ЖАНРЫ

Страх. История политической идеи
Шрифт:

Аналитики не раз приветствовали живительную моральную энергетику, пронизывающую ныне политическое тело Америки, энергетику решительности общества и гражданской преданности, питающую еще более весомый комплекс процессов — возрождение веры в правительство (и возможно, как считают некоторые прогрессисты, в восстановленное государство всеобщего благосостояния), возрождение культуры патриотизма и общественных связей, новый консенсус двух партий, окончание иронических и культурных войн, укрепление авторитета президентской власти. По мнению обозревателя газеты «Ю-эс-эй тудэй», президент Буш проявил особенную прозорливость после событий 11 сентября, когда пообещал себе и современному поколению американцев представить вещественные доказательства культурного обновления страны. «Буш сказал своим советникам, что он верит: угроза со стороны врага — это шанс для него и его сверстников, представителей поколения демографического взрыва, перестроить свою жизнь и доказать, что они обладают той же доблестью и твердостью, какую продемонстрировали их отцы во Второй мировой войне»82. События 11 сентября, принеся нам кошмарный спектакль смерти и последовавший за ним всеобщий страх, дали мертвой или умирающей культуре шанс на воскресение. После памятного сентябрьского дня Эндрю Салливан писал в «Нью-Йорк таймс мэгэзин», что Америка стала «более мобилизованной, более сознательной и, следовательно, более живой». На страницах этого же издания Джордж Пэккер говорил о том, что события 11 сентября породили «напряженность, горе, решимость и даже любовь». Он приводит свидетельство человека, оставшегося в живых после ударов по Всемирному торговому центру: «Мне нравится это состояние. Никогда в жизни не было подобной ясности». Здесь Пэккер добавляет: «Я тоже пропустил через себя это состояние, и мне это нравится». В сущности, замечает Пэккер, «сейчас я боюсь возвращения к нормальной жизни, к которой все мы как будто должны стремиться»83. В первую годовщину трагедии, когда родные и друзья погибших оплакивали свои утраты, Хитченс вновь подтвердил глубокое волнение, испытанное им 11 сентября и в последовавший затем год освободительной войны.

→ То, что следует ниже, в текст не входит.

lemma dist_compatible_apex_iff_nonadjacent:
  assumes sign: "\<forall>e\<in>E. \<sigma> e \<in> {1, -1}"
    and apex: "\<forall>v\<in>V. v \<noteq> z \<longrightarrow> {z, v} \<in> E"
  shows "dist_compatible V E \<sigma> \<longleftrightarrow>
           (\<forall>u\<in>V. \<forall>v\<in>V. u \<noteq> v \<longrightarrow> {u, v} \<notin> E \<longrightarrow> sigma_max E \<sigma> u v = sigma_min E \<sigma> u v)"
proof -
  have "sigma_max E \<sigma> u v * int (gdist E u v) = sigma_min E \<sigma> u v * int (gdist E u v) \<longleftrightarrow>
          (u \<noteq> v \<longrightarrow> {u, v} \<notin> E \<longrightarrow> sigma_max E \<sigma> u v = sigma_min E \<sigma> u v)"
    if "u \<in> V" "v \<in> V" for u v
  proof (cases "u = v")
    case True
    then show ?thesis
      by (simp add: gdist_refl)
  next
    case False
    show ?thesis
    proof (cases "{u, v} \<in> E")
      case True
      then show ?thesis
        using sign sigma_max_eq_sigma_min_edge[OF True False] by auto
    next
      case nonadjacent: False
      note z = apex_common_neighbour[OF apex that False nonadjacent]
      have "gdist E u v = 2"
        using gdist_common_neighbour[OF False nonadjacent z(3,4)] .
      then show ?thesis
        using False nonadjacent by simp
    qed
  qed
  then show ?thesis
    unfolding dist_compatible_def by blast
qed

theorem dist_compatible_apex_iff:
  assumes sign: "\<forall>e\<in>E. \<sigma> e \<in> {1, -1}"
    and edges: "\<forall>e\<in>E. e \<subseteq> V"
    and apex: "\<forall>v\<in>V. v \<noteq> z \<longrightarrow> {z, v} \<in> E"
  shows "dist_compatible V E \<sigma> \<longleftrightarrow>
           \<not> (\<exists>u w v. distinct [u, w, v, z] \<and> {u, w} \<in> E \<and> {w, v} \<in> E \<and> {u, v} \<notin> E
                 \<and> \<sigma> {u, w} * \<sigma> {w, v} * \<sigma> {v, z} * \<sigma> {z, u} = -1)"
proof -
  have pair: "sigma_max E \<sigma> u v = sigma_min E \<sigma> u v \<longleftrightarrow>
      \<not> (\<exists>w. distinct [u, w, v, z] \<and> {u, w} \<in> E \<and> {w, v} \<in> E
             \<and> \<sigma> {u, w} * \<sigma> {w, v} * \<sigma> {v, z} * \<sigma> {z, u} = -1)"
    if uv: "u \<in> V" "v \<in> V" "u \<noteq> v" "{u, v} \<notin> E" for u v
  proof -
    note z = apex_common_neighbour[OF apex uv]
    have "\<sigma> {u, w} * \<sigma> {w, v} = \<sigma> {u, z} * \<sigma> {z, v} \<longleftrightarrow>
            \<not> (distinct [u, w, v, z] \<and> \<sigma> {u, w} * \<sigma> {w, v} * \<sigma> {v, z} * \<sigma> {z, u} = -1)"
      if "{u, w} \<in> E" "{w, v} \<in> E" for w
    proof (cases "w = z")
      case False
      then have "distinct [u, w, v, z]"
        using that uv z by (auto simp: insert_commute)
      moreover have "\<sigma> {u, w} \<in> {1, -1}" "\<sigma> {w, v} \<in> {1, -1}" "\<sigma> {u, z} \<in> {1, -1}" "\<sigma> {z, v} \<in> {1, -1}"
        using that z sign by auto
      ultimately show ?thesis
        by (auto simp: insert_commute)
    qed simp
    then show ?thesis
      using sigma_max_eq_sigma_min_gdist_2_iff[OF sign gdist_common_neighbour z(3,4)] uv z by blast
  qed
  show ?thesis
    unfolding dist_compatible_apex_iff_nonadjacent[OF sign apex]
  proof (intro iffI notI)
    assume "\<exists>u w v. distinct [u, w, v, z] \<and> {u, w} \<in> E \<and> {w, v} \<in> E \<and> {u, v} \<notin> E
              \<and> \<sigma> {u, w} * \<sigma> {w, v} * \<sigma> {v, z} * \<sigma> {z, u} = -1"
      and "\<forall>u\<in>V. \<forall>v\<in>V. u \<noteq> v \<longrightarrow> {u, v} \<notin> E \<longrightarrow> sigma_max E \<sigma> u v = sigma_min E \<sigma> u v"
    then show False
      using pair edges by (metis distinct_length_2_or_more insert_subset)
  qed (use pair in blast)
qed

lemma has_neg_4cycle_through_iff:
  "has_neg_4cycle_through E \<sigma> z \<longleftrightarrow>
     (\<exists>u w v. distinct [u, w, v, z] \<and> {u, w} \<in> E \<and> {w, v} \<in> E \<and> {v, z} \<in> E \<and> {z, u} \<in> E
        \<and> \<sigma> {u, w} * \<sigma> {w, v} * \<sigma> {v, z} * \<sigma> {z, u} = -1)"
  (is "_ \<longleftrightarrow> (\<exists>u w v. ?cycle u w v)")
proof
  assume "has_neg_4cycle_through E \<sigma> z"
  then obtain a b c d where abcd: "distinct [a, b, c, d]"
    "{a, b} \<in> E" "{b, c} \<in> E" "{c, d} \<in> E" "{d, a} \<in> E" "z \<in> {a, b, c, d}"
    "\<sigma> {a, b} * \<sigma> {b, c} * \<sigma> {c, d} * \<sigma> {d, a} = -1"
    unfolding has_neg_4cycle_through_def by blast
  from abcd(6) have "?cycle b c d \<or> ?cycle c d a \<or> ?cycle d a b \<or> ?cycle a b c"
    using abcd by (auto simp: mult_ac)
  then show "\<exists>u w v. ?cycle u w v"
    by blast
next
  assume "\<exists>u w v. ?cycle u w v"
  then show "has_neg_4cycle_through E \<sigma> z"
    unfolding has_neg_4cycle_through_def by blast
qed

definition rim_succ :: "nat \<Rightarrow> nat \<Rightarrow> nat" where
  "rim_succ n i = (if i = n then 1 else i + 1)"

lemma wheel_edges_rim_succ:
  "wheel_edges n = {{0, i} | i. i \<in> {1..n}} \<union> {{i, rim_succ n i} | i. i \<in> {1..n}}"
proof -
  have "i mod n + 1 = rim_succ n i" if "i \<in> {1..n}" for i
    using that by (auto simp: rim_succ_def)
  then show ?thesis
    unfolding wheel_edges_def by force
qed

lemma wheel_edges_subset: "e \<in> wheel_edges n \<Longrightarrow> e \<subseteq> wheel_vertices n"
  by (auto simp: wheel_edges_rim_succ wheel_vertices_def rim_succ_def)

lemma wheel_centre_adjacent: "v \<in> wheel_vertices n \<Longrightarrow> v \<noteq> 0 \<Longrightarrow> {0, v} \<in> wheel_edges n"
  by (auto simp: wheel_edges_def wheel_vertices_def)

lemma wheel_rim_edge_iff:
  assumes "x \<noteq> 0" "y \<noteq> 0"
  shows "{x, y} \<in> wheel_edges n \<longleftrightarrow>
           x \<in> {1..n} \<and> y = rim_succ n x \<or> y \<in> {1..n} \<and> x = rim_succ n y"
proof
  assume "{x, y} \<in> wheel_edges n"
  then obtain i where "i \<in> {1..n}" "{x, y} = {i, rim_succ n i}"
    using assms unfolding wheel_edges_rim_succ by (auto simp: doubleton_eq_iff)
  then show "x \<in> {1..n} \<and> y = rim_succ n x \<or> y \<in> {1..n} \<and> x = rim_succ n y"
    by (auto simp: doubleton_eq_iff)
next
  assume "x \<in> {1..n} \<and> y = rim_succ n x \<or> y \<in> {1..n} \<and> x = rim_succ n y"
  then show "{x, y} \<in> wheel_edges n"
    unfolding wheel_edges_rim_succ by (auto simp: insert_commute)
qed

lemma wheel_no_chord:
  assumes "n \<ge> 4" "distinct [b, c, d, 0]" "{b, c} \<in> wheel_edges n" "{c, d} \<in> wheel_edges n"
  shows "{b, d} \<notin> wheel_edges n"
  using assms by (auto simp: wheel_rim_edge_iff rim_succ_def split: if_splits)

theorem theorem3p2:
  fixes n :: nat and \<sigma> :: "nat set \<Rightarrow> int"
  assumes "n \<ge> 4"
    and "\<forall>e \<in> wheel_edges n. \<sigma> e = 1 \<or> \<sigma> e = -1"
  shows "dist_compatible (wheel_vertices n) (wheel_edges n) \<sigma> \<longleftrightarrow>
           \<not> has_neg_4cycle_through (wheel_edges n) \<sigma> 0"
proof -
  let ?V = "wheel_vertices n" and ?E = "wheel_edges n"
  have sign: "\<forall>e\<in>?E. \<sigma> e \<in> {1, -1}"
    using assms(2) by auto
  have apex: "\<forall>v\<in>?V. v \<noteq> 0 \<longrightarrow> {0, v} \<in> ?E"
    using wheel_centre_adjacent by blast
  have spokes: "{v, 0} \<in> ?E" "{0, u} \<in> ?E" if "{u, w} \<in> ?E" "{w, v} \<in> ?E" "u \<noteq> 0" "v \<noteq> 0" for u w v
  proof -
    have "u \<in> ?V" "v \<in> ?V"
      using wheel_edges_subset[OF that(1)] wheel_edges_subset[OF that(2)] by auto
    then show "{v, 0} \<in> ?E" "{0, u} \<in> ?E"
      using apex that(3,4) by (auto simp: insert_commute[of v 0])
  qed
  have "dist_compatible ?V ?E \<sigma> \<longleftrightarrow>
      \<not> (\<exists>u w v. distinct [u, w, v, 0] \<and> {u, w} \<in> ?E \<and> {w, v} \<in> ?E \<and> {u, v} \<notin> ?E
            \<and> \<sigma> {u, w} * \<sigma> {w, v} * \<sigma> {v, 0} * \<sigma> {0, u} = -1)"
    using dist_compatible_apex_iff[OF sign _ apex] wheel_edges_subset by blast
  also have "\<dots> \<longleftrightarrow> \<not> has_neg_4cycle_through ?E \<sigma> 0"
    unfolding has_neg_4cycle_through_iff using wheel_no_chord[OF assms(1)] spokes
    by (metis distinct_length_2_or_more)
  finally show ?thesis .
qed

end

В тот день я разделял со всеми весь спектр чувств — от отвращения до ярости, но присутствовало во мне и еще нечто, что не было до конца для меня открыто. Сущность этого чувства стала для меня очевидной только поздним вечером. К моему удивлению (и удовольствию), оказалось, что это радостное возбуждение. Я не большой поклонник войн; когда мне в качестве иностранного корреспондента доводилось наблюдать боевые действия, меня бросало в дрожь. Но в тот день я стал свидетелем прямого, несомненного противостояния между всем, что я любил, и всем, что я ненавидел. С одной стороны — этика многокультурного, светского, скептического и космополитического общества. (Замечу кстати: все это я люблю.) С другой — бесплодное однообразие унылого и злобного теократического фашизма. Я готов к тому, что эта война будет продолжаться очень долго. Я никогда не устану вести ее, потому что она затрагивает самое сущностное. А еще потому, что это так интересно84.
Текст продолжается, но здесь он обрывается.